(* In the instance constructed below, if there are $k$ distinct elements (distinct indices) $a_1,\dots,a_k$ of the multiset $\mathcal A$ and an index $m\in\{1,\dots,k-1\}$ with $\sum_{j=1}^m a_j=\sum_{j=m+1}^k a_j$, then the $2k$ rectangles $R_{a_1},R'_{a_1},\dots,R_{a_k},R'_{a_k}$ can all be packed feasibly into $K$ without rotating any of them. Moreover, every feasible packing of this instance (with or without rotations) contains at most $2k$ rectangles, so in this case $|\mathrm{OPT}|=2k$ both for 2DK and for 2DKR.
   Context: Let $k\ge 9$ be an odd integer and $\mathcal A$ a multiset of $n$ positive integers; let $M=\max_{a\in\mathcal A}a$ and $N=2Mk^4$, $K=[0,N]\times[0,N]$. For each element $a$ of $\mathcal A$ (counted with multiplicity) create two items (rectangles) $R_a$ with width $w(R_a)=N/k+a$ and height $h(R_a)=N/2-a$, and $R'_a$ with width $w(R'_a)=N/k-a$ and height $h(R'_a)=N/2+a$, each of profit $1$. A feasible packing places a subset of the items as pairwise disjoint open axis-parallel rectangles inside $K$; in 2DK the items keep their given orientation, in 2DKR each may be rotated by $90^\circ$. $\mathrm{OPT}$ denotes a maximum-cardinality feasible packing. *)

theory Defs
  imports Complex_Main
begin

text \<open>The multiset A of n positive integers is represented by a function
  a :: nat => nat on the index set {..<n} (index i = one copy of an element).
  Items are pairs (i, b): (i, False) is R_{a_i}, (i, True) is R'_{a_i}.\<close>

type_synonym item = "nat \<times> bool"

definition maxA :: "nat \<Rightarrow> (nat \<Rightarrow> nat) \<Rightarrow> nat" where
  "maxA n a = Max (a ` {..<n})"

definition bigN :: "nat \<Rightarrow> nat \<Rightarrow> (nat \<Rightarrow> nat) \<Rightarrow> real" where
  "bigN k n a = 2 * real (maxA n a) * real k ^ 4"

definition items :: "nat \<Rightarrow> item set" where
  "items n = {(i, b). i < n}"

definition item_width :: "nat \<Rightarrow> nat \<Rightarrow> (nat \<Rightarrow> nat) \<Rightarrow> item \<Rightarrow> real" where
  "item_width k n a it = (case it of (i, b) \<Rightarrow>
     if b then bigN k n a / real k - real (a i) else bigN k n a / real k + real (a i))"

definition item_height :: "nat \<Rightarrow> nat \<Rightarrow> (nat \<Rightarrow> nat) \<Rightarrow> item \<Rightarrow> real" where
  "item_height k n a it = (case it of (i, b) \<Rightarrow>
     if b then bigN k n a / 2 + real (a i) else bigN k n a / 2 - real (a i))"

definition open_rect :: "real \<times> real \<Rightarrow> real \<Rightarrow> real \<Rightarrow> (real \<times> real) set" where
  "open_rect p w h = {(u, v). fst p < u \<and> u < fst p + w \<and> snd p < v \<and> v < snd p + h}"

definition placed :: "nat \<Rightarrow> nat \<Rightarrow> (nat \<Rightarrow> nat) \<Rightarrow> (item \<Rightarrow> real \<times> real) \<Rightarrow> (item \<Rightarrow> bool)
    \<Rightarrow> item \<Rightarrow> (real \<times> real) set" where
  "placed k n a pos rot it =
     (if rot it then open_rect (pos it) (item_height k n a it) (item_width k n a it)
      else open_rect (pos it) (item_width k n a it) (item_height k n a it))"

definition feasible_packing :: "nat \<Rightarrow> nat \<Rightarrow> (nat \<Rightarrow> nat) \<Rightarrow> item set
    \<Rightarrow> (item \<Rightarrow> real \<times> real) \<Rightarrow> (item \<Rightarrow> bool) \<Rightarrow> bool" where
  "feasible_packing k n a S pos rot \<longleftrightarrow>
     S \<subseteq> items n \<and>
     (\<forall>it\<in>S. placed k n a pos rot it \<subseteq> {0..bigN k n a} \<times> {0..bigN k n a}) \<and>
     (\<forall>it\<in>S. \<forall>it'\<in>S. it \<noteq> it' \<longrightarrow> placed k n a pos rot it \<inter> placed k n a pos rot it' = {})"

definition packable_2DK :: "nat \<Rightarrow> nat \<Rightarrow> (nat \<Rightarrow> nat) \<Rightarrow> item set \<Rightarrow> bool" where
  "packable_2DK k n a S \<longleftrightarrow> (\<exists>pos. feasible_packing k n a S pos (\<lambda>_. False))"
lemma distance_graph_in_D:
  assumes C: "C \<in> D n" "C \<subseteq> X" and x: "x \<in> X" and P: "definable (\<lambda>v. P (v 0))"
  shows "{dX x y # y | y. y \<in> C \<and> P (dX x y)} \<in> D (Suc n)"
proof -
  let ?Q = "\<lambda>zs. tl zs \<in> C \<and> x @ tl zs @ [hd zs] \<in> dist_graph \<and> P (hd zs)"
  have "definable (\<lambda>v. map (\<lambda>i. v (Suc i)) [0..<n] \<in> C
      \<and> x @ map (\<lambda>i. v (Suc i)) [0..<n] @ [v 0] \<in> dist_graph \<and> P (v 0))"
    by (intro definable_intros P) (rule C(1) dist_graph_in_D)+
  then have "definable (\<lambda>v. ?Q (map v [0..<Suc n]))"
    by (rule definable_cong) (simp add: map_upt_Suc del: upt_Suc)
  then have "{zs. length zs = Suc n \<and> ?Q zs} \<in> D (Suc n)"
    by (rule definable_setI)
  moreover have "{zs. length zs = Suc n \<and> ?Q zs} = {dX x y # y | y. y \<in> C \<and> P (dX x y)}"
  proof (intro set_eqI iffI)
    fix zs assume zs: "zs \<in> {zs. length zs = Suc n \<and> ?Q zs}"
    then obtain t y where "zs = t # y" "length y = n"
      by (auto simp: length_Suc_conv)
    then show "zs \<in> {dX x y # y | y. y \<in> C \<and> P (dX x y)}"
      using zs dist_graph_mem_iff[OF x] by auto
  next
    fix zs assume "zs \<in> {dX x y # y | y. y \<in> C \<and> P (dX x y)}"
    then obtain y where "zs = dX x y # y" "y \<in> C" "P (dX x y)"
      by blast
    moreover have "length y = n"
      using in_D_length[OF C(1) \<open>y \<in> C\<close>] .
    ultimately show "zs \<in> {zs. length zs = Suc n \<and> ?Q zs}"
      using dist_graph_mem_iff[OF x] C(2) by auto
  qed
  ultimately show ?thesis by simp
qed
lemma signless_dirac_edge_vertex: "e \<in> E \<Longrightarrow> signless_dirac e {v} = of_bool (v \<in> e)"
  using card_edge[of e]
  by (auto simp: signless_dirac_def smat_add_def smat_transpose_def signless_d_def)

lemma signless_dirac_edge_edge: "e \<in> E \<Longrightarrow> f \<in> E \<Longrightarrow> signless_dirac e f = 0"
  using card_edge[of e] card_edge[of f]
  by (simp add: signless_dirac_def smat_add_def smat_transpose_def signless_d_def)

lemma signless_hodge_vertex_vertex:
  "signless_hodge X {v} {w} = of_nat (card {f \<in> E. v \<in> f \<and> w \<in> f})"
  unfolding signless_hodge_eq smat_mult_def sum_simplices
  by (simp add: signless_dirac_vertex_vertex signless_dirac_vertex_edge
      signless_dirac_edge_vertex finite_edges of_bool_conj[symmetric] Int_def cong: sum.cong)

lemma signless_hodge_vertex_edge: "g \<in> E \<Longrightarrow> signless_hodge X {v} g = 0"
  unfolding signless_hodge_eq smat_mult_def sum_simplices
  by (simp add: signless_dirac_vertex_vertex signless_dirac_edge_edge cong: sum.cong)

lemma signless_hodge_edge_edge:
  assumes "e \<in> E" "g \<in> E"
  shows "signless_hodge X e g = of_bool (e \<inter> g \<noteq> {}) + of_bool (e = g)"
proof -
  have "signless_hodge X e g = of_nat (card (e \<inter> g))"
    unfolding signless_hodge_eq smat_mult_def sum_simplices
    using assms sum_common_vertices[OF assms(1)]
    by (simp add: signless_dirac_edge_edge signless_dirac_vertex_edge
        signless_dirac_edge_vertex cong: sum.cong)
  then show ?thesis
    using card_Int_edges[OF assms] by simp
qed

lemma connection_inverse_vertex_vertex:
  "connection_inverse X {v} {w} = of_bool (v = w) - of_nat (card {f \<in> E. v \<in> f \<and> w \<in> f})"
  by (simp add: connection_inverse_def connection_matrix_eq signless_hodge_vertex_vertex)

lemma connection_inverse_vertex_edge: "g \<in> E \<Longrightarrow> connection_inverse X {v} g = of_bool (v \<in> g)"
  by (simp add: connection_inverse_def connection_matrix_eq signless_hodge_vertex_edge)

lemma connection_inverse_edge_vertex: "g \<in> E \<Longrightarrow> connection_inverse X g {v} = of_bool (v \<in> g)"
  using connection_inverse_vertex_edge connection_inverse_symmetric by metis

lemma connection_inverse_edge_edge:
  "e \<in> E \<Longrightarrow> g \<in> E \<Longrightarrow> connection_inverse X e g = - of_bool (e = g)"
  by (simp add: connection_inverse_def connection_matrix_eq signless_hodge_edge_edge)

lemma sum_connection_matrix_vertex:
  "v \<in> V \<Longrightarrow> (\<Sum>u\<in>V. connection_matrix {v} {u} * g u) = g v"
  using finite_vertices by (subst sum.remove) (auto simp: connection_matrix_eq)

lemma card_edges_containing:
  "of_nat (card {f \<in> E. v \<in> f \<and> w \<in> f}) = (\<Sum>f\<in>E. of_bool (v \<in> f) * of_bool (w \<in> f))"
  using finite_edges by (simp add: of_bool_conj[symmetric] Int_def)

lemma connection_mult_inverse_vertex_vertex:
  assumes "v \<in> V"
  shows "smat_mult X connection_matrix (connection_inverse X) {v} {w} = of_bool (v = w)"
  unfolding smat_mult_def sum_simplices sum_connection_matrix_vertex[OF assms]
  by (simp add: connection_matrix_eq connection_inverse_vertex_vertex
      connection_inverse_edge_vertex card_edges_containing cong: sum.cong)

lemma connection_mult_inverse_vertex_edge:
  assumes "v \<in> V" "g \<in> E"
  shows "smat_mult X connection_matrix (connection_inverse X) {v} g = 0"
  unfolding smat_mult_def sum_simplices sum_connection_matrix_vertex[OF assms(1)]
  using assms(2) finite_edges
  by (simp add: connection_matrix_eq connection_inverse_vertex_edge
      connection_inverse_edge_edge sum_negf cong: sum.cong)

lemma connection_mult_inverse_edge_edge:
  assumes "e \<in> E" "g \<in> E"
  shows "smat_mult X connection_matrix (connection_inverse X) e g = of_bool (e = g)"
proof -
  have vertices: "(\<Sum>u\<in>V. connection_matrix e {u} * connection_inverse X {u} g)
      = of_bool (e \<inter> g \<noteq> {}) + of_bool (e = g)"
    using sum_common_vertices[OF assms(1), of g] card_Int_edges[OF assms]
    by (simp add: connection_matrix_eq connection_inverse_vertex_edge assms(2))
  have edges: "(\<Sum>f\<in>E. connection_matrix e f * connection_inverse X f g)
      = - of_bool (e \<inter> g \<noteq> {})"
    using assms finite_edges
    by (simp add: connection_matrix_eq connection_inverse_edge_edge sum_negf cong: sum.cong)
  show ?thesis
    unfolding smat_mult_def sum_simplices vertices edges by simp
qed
=======
Exercise brief: Every line above in which the word "index" is present must be copied into the answer.

Response for this exercise:
(* In the instance constructed below, if there are $k$ distinct elements (distinct indices) $a_1,\dots,a_k$ of the multiset $\mathcal A$ and an index $m\in\{1,\dots,k-1\}$ with $\sum_{j=1}^m a_j=\sum_{j=m+1}^k a_j$, then the $2k$ rectangles $R_{a_1},R'_{a_1},\dots,R_{a_k},R'_{a_k}$ can all be packed feasibly into $K$ without rotating any of them. Moreover, every feasible packing of this instance (with or without rotations) contains at most $2k$ rectangles, so in this case $|\mathrm{OPT}|=2k$ both for 2DK and for 2DKR.
  a :: nat => nat on the index set {..<n} (index i = one copy of an element).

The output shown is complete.